Anyone been on this/what were your experiences/etc. etc.

The appointments never end. I have to get my thyroid checked AGAIN.

Oh well, this is a trial and it's not like I have to wait months to know if it's working or not. 2 weeks and I see the doc again.

Been a while since I had to check out askapatient.com but I thought this comment was funny:


> I can poop better! for years I couldnt lay a good log! but thanks to Toprol xl I now can bulid a cabin in the woods.


----------



## korey (Apr 25, 2006)

That's a...special comment, I suppose :eek

I take metoprolol (regular ol' Lopressor immediate-release; NOT Toprol XL) as both a way to counter the blood pressure problems that Adderall can cause _and_ my beta blocker of choice to help fight the physical symptoms of anxiety. I started beta blocker usage with Inderal, but it is too cardiac non-selective for an asthmatic like me, so I looked into the cardiac selective beta blockers and narrowed it down to metoprolol or atenolol. I don't remember what made me choose metoprolol over atenolol, but I do remember reading that metoprolol is reportedly better for those with asthma compared to most other beta blockers. I may have read some (most likely unfounded :b) claims that metoprolol has studies behind its potential use in treating social anxiety disorder - that may have been the deciding factor for my choice of metoprolol over atenolol, who knows.

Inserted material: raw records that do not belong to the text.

(* Let $T:[a,b]\times[c,d]\to\mathbb{R}$ be the function constructed from a generating function $\phi$ as described in the context. If there is $y_0\in[c,d]$ such that $x\mapsto\phi(x,y_0)$ is non-constant on $[a_0,a_1]$, then $T$ is not of bounded variation in the sense of Arzelà on $[a,b]\times[c,d]$.
   Context: Let $a<b$, $c<d$. Set $a_0=a$ and $a_n=a+(b-a)(\tfrac12+\tfrac14+\dots+\tfrac1{2^n})$ for $n\in\mathbb{N}$, so $a_n\uparrow b$. Let $\phi:[a_0,a_1]\times[c,d]\to\mathbb{R}$ be continuous with $\phi(a_0,y)=\phi(a_1,y)$ for all $y\in[c,d]$ (the generating function). For $n\ge1$ let $\psi_n:[a_{n-1},a_n]\to[a_0,a_1]$ be the increasing affine bijection $\psi_n(x)=\frac{2^n[(a_1-a_0)x+a_0a_n-a_1a_{n-1}]}{b-a}$. Let $F_1=\phi$ on $[a_0,a_1]\times[c,d]$ and for $n\ge2$, $F_n(x,y)=\frac1n\phi(\psi_n(x),y)+\frac{n-1}{n}\phi(a_0,y)$ for $(x,y)\in[a_{n-1},a_n]\times[c,d]$. Define $T_n(x,y)=F_k(x,y)$ for $(x,y)\in[a_{k-1},a_k]\times[c,d]$, $k=1,\dots,n$, and $T_n(x,y)=F_n(a_n,y)$ for $(x,y)\in[a_n,b]\times[c,d]$; and $T(x,y)=\lim_{n\to\infty}T_n(x,y)$. A function $f:[a,b]\times[c,d]\to\mathbb{R}$ is of bounded variation in the sense of Arzelà if there is $K$ such that for all $m$ and all $a=x_0\le\dots\le x_m=b$, $c=y_0\le\dots\le y_m=d$, $\sum_{i=0}^{m-1}|f(x_{i+1},y_{i+1})-f(x_i,y_i)|\le K$. *)

theory Defs
  imports "HOL-Analysis.Analysis"
begin

definition apt :: "real \<Rightarrow> real \<Rightarrow> nat \<Rightarrow> real" where
  "apt a b n = a + (b - a) * (\<Sum>i\<in>{1..n}. 1 / 2 ^ i)"

text \<open>psi_n : [a_{n-1}, a_n] -> [a_0, a_1], the increasing affine bijection.\<close>
definition psi :: "real \<Rightarrow> real \<Rightarrow> nat \<Rightarrow> real \<Rightarrow> real" where
  "psi a b n x = 2 ^ n * ((apt a b 1 - apt a b 0) * x + apt a b 0 * apt a b n
                           - apt a b 1 * apt a b (n - 1)) / (b - a)"

definition Fgen :: "real \<Rightarrow> real \<Rightarrow> (real \<Rightarrow> real \<Rightarrow> real) \<Rightarrow> nat \<Rightarrow> real \<Rightarrow> real \<Rightarrow> real" where
  "Fgen a b \<phi> n x y = (if n = 1 then \<phi> x y
     else (1 / real n) * \<phi> (psi a b n x) y + (real n - 1) / real n * \<phi> (apt a b 0) y)"

text \<open>T_n (n >= 1): equal to F_k on [a_{k-1}, a_k] for k = 1..n (we take the least such k;
  adjacent pieces agree at common endpoints), and F_n(a_n, y) on [a_n, b].\<close>
definition Tn :: "real \<Rightarrow> real \<Rightarrow> (real \<Rightarrow> real \<Rightarrow> real) \<Rightarrow> nat \<Rightarrow> real \<Rightarrow> real \<Rightarrow> real" where
  "Tn a b \<phi> n x y = (if x \<le> apt a b n
      then Fgen a b \<phi> (LEAST k. 1 \<le> k \<and> x \<le> apt a b k) x y
      else Fgen a b \<phi> n (apt a b n) y)"

definition Tlim :: "real \<Rightarrow> real \<Rightarrow> (real \<Rightarrow> real \<Rightarrow> real) \<Rightarrow> real \<Rightarrow> real \<Rightarrow> real" where
  "Tlim a b \<phi> x y = lim (\<lambda>n. Tn a b \<phi> (Suc n) x y)"

definition arzela_bv :: "(real \<Rightarrow> real \<Rightarrow> real) \<Rightarrow> real \<Rightarrow> real \<Rightarrow> real \<Rightarrow> real \<Rightarrow> bool" where
  "arzela_bv f a b c d \<longleftrightarrow> (\<exists>K. \<forall>(m::nat) (xs::nat \<Rightarrow> real) (ys::nat \<Rightarrow> real).
      xs 0 = a \<and> xs m = b \<and> ys 0 = c \<and> ys m = d \<and>
      (\<forall>i<m. xs i \<le> xs (Suc i) \<and> ys i \<le> ys (Suc i)) \<longrightarrow>
      (\<Sum>i<m. \<bar>f (xs (Suc i)) (ys (Suc i)) - f (xs i) (ys i)\<bar>) \<le> K)"

end

theory Submission
  imports Defs "HOL-Analysis.Harmonic_Numbers"
begin

text \<open>On the k-th piece (a_(k-1), a_k] the section T(., y) is phi(., y) rescaled affinely onto
  [a_0, a_1] and damped by the factor 1/k towards phi(a, y). If phi(p, y) differs from phi(a, y),
  then T(., y) takes the value phi(a, y) at every a_k (by periodicity of phi), and the value
  phi(a, y) + (phi(p, y) - phi(a, y))/(k + 1) at the copy of p in the next piece. Running through
  these points in increasing order gives monotone chains whose variation dominates a tail of the
  harmonic series, so no section of T, and hence not T itself, is of bounded variation.\<close>

lemma apt_eq: "apt a b n = b - (b - a) / 2 ^ n"
proof (induction n)
  case 0
  then show ?case by (simp add: apt_def)
next
  case (Suc n)
  have "apt a b (Suc n) = apt a b n + (b - a) / 2 ^ Suc n"
    by (simp add: apt_def algebra_simps)
  with Suc show ?case by (simp add: field_simps)
qed

lemma apt_mono: "a < b \<Longrightarrow> m \<le> n \<Longrightarrow> apt a b m \<le> apt a b n"
  unfolding apt_eq by (simp add: frac_le)

lemma psi_Suc: "a < b \<Longrightarrow> psi a b (Suc j) x = b + 2 ^ j * (x - b)"
  unfolding psi_def apt_eq by (simp add: field_simps)

lemma Least_apt_eq:
  assumes "a < b" "1 \<le> k" "apt a b (k - 1) < x" "x \<le> apt a b k"
  shows "(LEAST k'. 1 \<le> k' \<and> x \<le> apt a b k') = k"
proof (rule Least_equality)
  show "1 \<le> k \<and> x \<le> apt a b k" using assms by simp
next
  fix k' assume k': "1 \<le> k' \<and> x \<le> apt a b k'"
  show "k \<le> k'"
  proof (rule ccontr)
    assume "\<not> k \<le> k'"
    then have "apt a b k' \<le> apt a b (k - 1)" using apt_mono assms(1) by simp
    with k' assms(3) show False by simp
  qed
qed

lemma Tlim_eq_Fgen:
  assumes "a < b" "1 \<le> k" "apt a b (k - 1) < x" "x \<le> apt a b k"
  shows "Tlim a b \<phi> x y = Fgen a b \<phi> k x y"
proof -
  have "Tn a b \<phi> (Suc n) x y = Fgen a b \<phi> k x y" if "k \<le> n" for n
  proof -
    have "x \<le> apt a b (Suc n)" using apt_mono[OF assms(1), of k "Suc n"] that assms(4) by simp
    then show ?thesis unfolding Tn_def using Least_apt_eq[OF assms] by simp
  qed
  then have "(\<lambda>n. Tn a b \<phi> (Suc n) x y) \<longlonglongrightarrow> Fgen a b \<phi> k x y"
    by (intro tendsto_eventually) (auto simp: eventually_sequentially)
  then show ?thesis unfolding Tlim_def by (rule limI)
qed

text \<open>The inverse of psi (Suc j): it maps [a_0, a_1] onto [a_j, a_(j+1)].\<close>
definition contract :: "real \<Rightarrow> nat \<Rightarrow> real \<Rightarrow> real" where
  "contract b j x = b - (b - x) / 2 ^ j"

lemma contract_mono: "x \<le> x' \<Longrightarrow> contract b j x \<le> contract b j x'"
  by (simp add: contract_def divide_right_mono)

lemma contract_Suc_eq: "contract b (Suc j) a = contract b j ((a + b) / 2)"
  by (simp add: contract_def field_simps)

lemma contract_mem: "x \<in> {a..b} \<Longrightarrow> contract b j x \<in> {a..b}"
proof -
  assume x: "x \<in> {a..b}"
  then have "(b - x) / 2 ^ j \<le> (b - x) / 1"
    by (intro divide_left_mono) auto
  with x show ?thesis
    by (auto simp: contract_def)
qed

lemma Tlim_contract:
  assumes "a < b" "a < x" "x \<le> (a + b) / 2"
  shows "Tlim a b \<phi> (contract b j x) y = \<phi> a y + (\<phi> x y - \<phi> a y) / (j + 1)"
proof -
  let ?t = "contract b j x"
  have "apt a b j < ?t"
    using assms by (simp add: apt_eq contract_def field_simps)
  moreover have "?t \<le> apt a b (Suc j)"
  proof -
    have "2 * x * 2 ^ j \<le> (a + b) * 2 ^ j"
      using assms(3) by (intro mult_right_mono) auto
    then show ?thesis by (simp add: apt_eq contract_def field_simps)
  qed
  ultimately have "Tlim a b \<phi> ?t y = Fgen a b \<phi> (Suc j) ?t y"
    using Tlim_eq_Fgen[OF assms(1), of "Suc j"] by simp
  also have "\<dots> = \<phi> a y + (\<phi> x y - \<phi> a y) / (j + 1)"
  proof -
    have "psi a b (Suc j) ?t = x"
      using assms(1) by (simp add: psi_Suc contract_def)
    moreover have "apt a b 0 = a"
      by (simp add: apt_def)
    moreover have "(1 + real j) \<noteq> 0"
      by linarith
    ultimately show ?thesis
      by (simp add: Fgen_def contract_def add.commute divide_simps) (simp add: algebra_simps)
  qed
  finally show ?thesis .
qed

lemma Tlim_contract_Suc_left_end:
  assumes "a < b" "\<phi> ((a + b) / 2) y = \<phi> a y"
  shows "Tlim a b \<phi> (contract b (Suc j) a) y = \<phi> a y"
  unfolding contract_Suc_eq using Tlim_contract[OF assms(1), where x = "(a + b) / 2"] assms by simp

lemma arzela_bv_section_variation_bounded:
  assumes "arzela_bv f a b c d" "y \<in> {c..d}"
  obtains K where "\<And>n xs. (\<forall>i\<le>n. xs i \<in> {a..b}) \<Longrightarrow> (\<forall>i<n. xs i \<le> xs (Suc i)) \<Longrightarrow>
    (\<Sum>i<n. \<bar>f (xs (Suc i)) y - f (xs i) y\<bar>) \<le> K"
proof -
  obtain K where K: "\<And>m xs ys. xs 0 = a \<Longrightarrow> xs m = b \<Longrightarrow> ys 0 = c \<Longrightarrow> ys m = d \<Longrightarrow>
      (\<forall>i<m. xs i \<le> xs (Suc i) \<and> ys i \<le> ys (Suc i)) \<Longrightarrow>
      (\<Sum>i<m. \<bar>f (xs (Suc i)) (ys (Suc i)) - f (xs i) (ys i)\<bar>) \<le> K"
    using assms(1) unfolding arzela_bv_def by blast
  have "(\<Sum>i<n. \<bar>f (xs (Suc i)) y - f (xs i) y\<bar>) \<le> K"
    if range: "\<forall>i\<le>n. xs i \<in> {a..b}" and mono: "\<forall>i<n. xs i \<le> xs (Suc i)" for n xs
  proof -
    \<comment> \<open>Pad the chain with the corners (a, c) and (b, d).\<close>
    define xs' where "xs' i = (if i = 0 then a else if i \<le> Suc n then xs (i - 1) else b)" for i
    define ys' where "ys' i = (if i = 0 then c else if i \<le> Suc n then y else d)" for i
    define g where "g i = \<bar>f (xs' (Suc i)) (ys' (Suc i)) - f (xs' i) (ys' i)\<bar>" for i
    have "(\<Sum>i<n. \<bar>f (xs (Suc i)) y - f (xs i) y\<bar>) = (\<Sum>i<n. g (Suc i))"
      by (intro sum.cong) (auto simp: g_def xs'_def ys'_def)
    also have "\<dots> \<le> g 0 + (\<Sum>i<n. g (Suc i)) + g (Suc n)"
      by (simp add: g_def)
    also have "\<dots> = (\<Sum>i<Suc (Suc n). g i)"
      unfolding sum.lessThan_Suc_shift[of g "Suc n"] sum.lessThan_Suc[of "\<lambda>i. g (Suc i)" n]
      by simp
    also have "\<dots> \<le> K"
      unfolding g_def
    proof (rule K)
      show "\<forall>i<Suc (Suc n). xs' i \<le> xs' (Suc i) \<and> ys' i \<le> ys' (Suc i)"
        using range mono assms(2) by (auto simp: xs'_def ys'_def not_less_eq_eq gr0_conv_Suc)
    qed (simp_all add: xs'_def ys'_def)
    finally show ?thesis .
  qed
  with that show thesis by blast
qed

lemma sum_inverse_Suc_Suc_eq_harm: "(\<Sum>k<n. 1 / (real k + 2)) = harm (Suc n) - 1"
  unfolding harm_altdef sum.lessThan_Suc_shift by (simp add: inverse_eq_divide add.commute)

lemma harm_scaled_unbounded:
  assumes "\<delta> > 0"
  obtains N where "K < \<delta> * (harm (Suc N) - 1 :: real)"
proof -
  have "\<forall>\<^sub>F n in sequentially. K / \<delta> + 2 \<le> (harm n :: real)"
    using harm_at_top by (simp add: filterlim_at_top)
  then obtain N where "\<forall>n\<ge>N. K / \<delta> + 2 \<le> (harm n :: real)"
    unfolding eventually_sequentially by blast
  then have "K + 2 * \<delta> \<le> \<delta> * harm (Suc N)"
    using assms by (simp add: field_simps)
  with assms show thesis
    by (intro that[of N]) (simp add: algebra_simps)
qed

lemma sum_even_indices_le:
  fixes g :: "nat \<Rightarrow> 'a::ordered_comm_monoid_add"
  assumes "\<And>i. 0 \<le> g i"
  shows "(\<Sum>j<n. g (2 * j)) \<le> (\<Sum>i<2 * n. g i)"
proof -
  have "(\<Sum>j<n. g (2 * j)) = sum g ((\<lambda>j. 2 * j) ` {..<n})"
    by (simp add: sum.reindex inj_on_def)
  also have "\<dots> \<le> sum g {..<2 * n}"
    by (rule sum_mono2) (auto simp: assms)
  finally show ?thesis .
qed

lemma Tlim_section_variation_unbounded:
  assumes "a < b" "a < p" "p \<le> (a + b) / 2"
    and "\<phi> ((a + b) / 2) y = \<phi> a y" "\<phi> p y \<noteq> \<phi> a y"
  obtains n xs where "\<forall>i\<le>n. xs i \<in> {a..b}" "\<forall>i<n. xs i \<le> xs (Suc i)"
    "K < (\<Sum>i<n. \<bar>Tlim a b \<phi> (xs (Suc i)) y - Tlim a b \<phi> (xs i) y\<bar>)"
proof -
  define \<delta> where "\<delta> = \<bar>\<phi> p y - \<phi> a y\<bar>"
  have "\<delta> > 0"
    using assms(5) by (simp add: \<delta>_def)
  have T_p: "Tlim a b \<phi> (contract b (Suc j) p) y = \<phi> a y + (\<phi> p y - \<phi> a y) / (real j + 2)"
    for j
    using Tlim_contract[OF assms(1-3), where j = "Suc j"] by (simp add: add.commute)
  obtain N where N: "K < \<delta> * (harm (Suc N) - 1)"
    using harm_scaled_unbounded[OF \<open>\<delta> > 0\<close>] by blast
  define xs where "xs i = contract b (Suc (i div 2)) (if even i then a else p)" for i
  define g where "g i = \<bar>Tlim a b \<phi> (xs (Suc i)) y - Tlim a b \<phi> (xs i) y\<bar>" for i
  show thesis
  proof (rule that)
    have "a \<in> {a..b}" "p \<in> {a..b}"
      using assms(1-3) by auto
    then show "\<forall>i\<le>2 * N. xs i \<in> {a..b}"
      by (simp add: xs_def contract_mem del: atLeastAtMost_iff)
    show "\<forall>i<2 * N. xs i \<le> xs (Suc i)"
    proof (intro allI impI)
      fix i
      show "xs i \<le> xs (Suc i)"
      proof (cases "even i")
        case True
        then show ?thesis using assms(2) by (auto simp: xs_def intro: contract_mono)
      next
        case False
        then have "xs (Suc i) = contract b (Suc (i div 2)) ((a + b) / 2)"
          by (simp add: xs_def contract_Suc_eq odd_Suc_div_two)
        with False show ?thesis using assms(3) by (simp add: xs_def contract_mono)
      qed
    qed
    have "K < \<delta> * (harm (Suc N) - 1)"
      by (rule N)
    also have "\<dots> = (\<Sum>j<N. \<delta> / (real j + 2))"
      by (simp add: sum_distrib_left flip: sum_inverse_Suc_Suc_eq_harm)
    also have "\<dots> = (\<Sum>j<N. g (2 * j))"
      using Tlim_contract_Suc_left_end[where \<phi> = \<phi> and y = y, OF assms(1,4)]
      by (simp add: g_def xs_def T_p \<delta>_def abs_divide)
    also have "\<dots> \<le> sum g {..<2 * N}"
      by (rule sum_even_indices_le) (simp add: g_def)
    finally show "K < (\<Sum>i<2 * N. \<bar>Tlim a b \<phi> (xs (Suc i)) y - Tlim a b \<phi> (xs i) y\<bar>)"
      by (simp add: g_def)
  qed
qed

theorem mainTheorem9:
  fixes a b c d :: real and \<phi> :: "real \<Rightarrow> real \<Rightarrow> real"
  assumes "a < b" and "c < d"
    and "continuous_on ({apt a b 0..apt a b 1} \<times> {c..d}) (\<lambda>(x, y). \<phi> x y)"
    and "\<And>y. y \<in> {c..d} \<Longrightarrow> \<phi> (apt a b 0) y = \<phi> (apt a b 1) y"
    and "\<exists>y0\<in>{c..d}. \<exists>x1\<in>{apt a b 0..apt a b 1}. \<exists>x2\<in>{apt a b 0..apt a b 1}.
           \<phi> x1 y0 \<noteq> \<phi> x2 y0"
  shows "\<not> arzela_bv (Tlim a b \<phi>) a b c d"
proof
  assume bv: "arzela_bv (Tlim a b \<phi>) a b c d"
  have a0: "apt a b 0 = a" and a1: "apt a b 1 = (a + b) / 2"
    by (simp_all add: apt_eq field_simps)
  obtain y x1 x2 where y: "y \<in> {c..d}" and "x1 \<in> {a..(a + b) / 2}" "x2 \<in> {a..(a + b) / 2}"
    and "\<phi> x1 y \<noteq> \<phi> x2 y"
    using assms(5) unfolding a0 a1 by blast
  then obtain p where p: "p \<in> {a..(a + b) / 2}" "\<phi> p y \<noteq> \<phi> a y"
    by metis
  then have p_bounds: "a < p" "p \<le> (a + b) / 2"
    by (cases "p = a", auto)+
  have periodic: "\<phi> ((a + b) / 2) y = \<phi> a y"
    using assms(4)[OF y] unfolding a0 a1 by simp
  obtain K where K: "\<And>n xs. (\<forall>i\<le>n. xs i \<in> {a..b}) \<Longrightarrow> (\<forall>i<n. xs i \<le> xs (Suc i)) \<Longrightarrow>
      (\<Sum>i<n. \<bar>Tlim a b \<phi> (xs (Suc i)) y - Tlim a b \<phi> (xs i) y\<bar>) \<le> K"
    using arzela_bv_section_variation_bounded[OF bv y] by blast
  obtain n xs where "\<forall>i\<le>n. xs i \<in> {a..b}" "\<forall>i<n. xs i \<le> xs (Suc i)"
    "K < (\<Sum>i<n. \<bar>Tlim a b \<phi> (xs (Suc i)) y - Tlim a b \<phi> (xs i) y\<bar>)"
    using Tlim_section_variation_unbounded[where \<phi> = \<phi> and y = y and K = K, OF assms(1) p_bounds]
      periodic p(2) by blast
  with K show False
    by (meson not_le)
qed

end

At any rate, metoprolol is much better on my airways than Inderal was. I haven't experienced any asthma exacerbation since starting metoprolol. I take half a 50mg tablet up to twice daily. I think I remember reading that cardiac selective beta blockers become less cardiac selective at higher doses, so I tend to stay in the shallow end of the metoprolol swimming pool (nobody likes an asthma attack!) As for effectiveness, metoprolol works just fine. It is not as useful as Inderal was for vascular headache treatment/prevention, but eh, beggars can't be choosers, I suppose.

I've read some things about beta blockers potentially increasing the risk for type 2 diabetes. Does anyone happen to know what the deal is with this? Should any of us who take beta blockers for anxiety be concerned, or is the diabetes risk generally only for people who take beta blockers for actual dangerously high blood pressure (i.e. people who take hundreds of milligrams per day as opposed to 25mg or 50mg per day as we anxiety people tend to take)? :con


----------



## Noca (Jun 24, 2005)

korey said:


> That's a...special comment, I suppose :eek
> 
> I take metoprolol (regular ol' Lopressor immediate-release; NOT Toprol XL) as both a way to counter the blood pressure problems that Adderall can cause _and_ my beta blocker of choice to help fight the physical symptoms of anxiety. I started beta blocker usage with Inderal, but it is too cardiac non-selective for an asthmatic like me, so I looked into the cardiac selective beta blockers and narrowed it down to metoprolol or atenolol. I don't remember what made me choose metoprolol over atenolol, but I do remember reading that metoprolol is reportedly better for those with asthma compared to most other beta blockers. I may have read some (most likely unfounded :b) claims that metoprolol has studies behind its potential use in treating social anxiety disorder - that may have been the deciding factor for my choice of metoprolol over atenolol, who knows.
> 
> ...


I think the diabete's risk is for the obese people who have soaring blood pressures as it is. This is the same for Zyprexa, the diabete's risk is only because it makes people obese, then obesity causes the diabetes.


----------



## IllusionOfHappiness (Sep 6, 2007)

Well, it definitely helped me sleep last night. I haven't slept like that in a long time.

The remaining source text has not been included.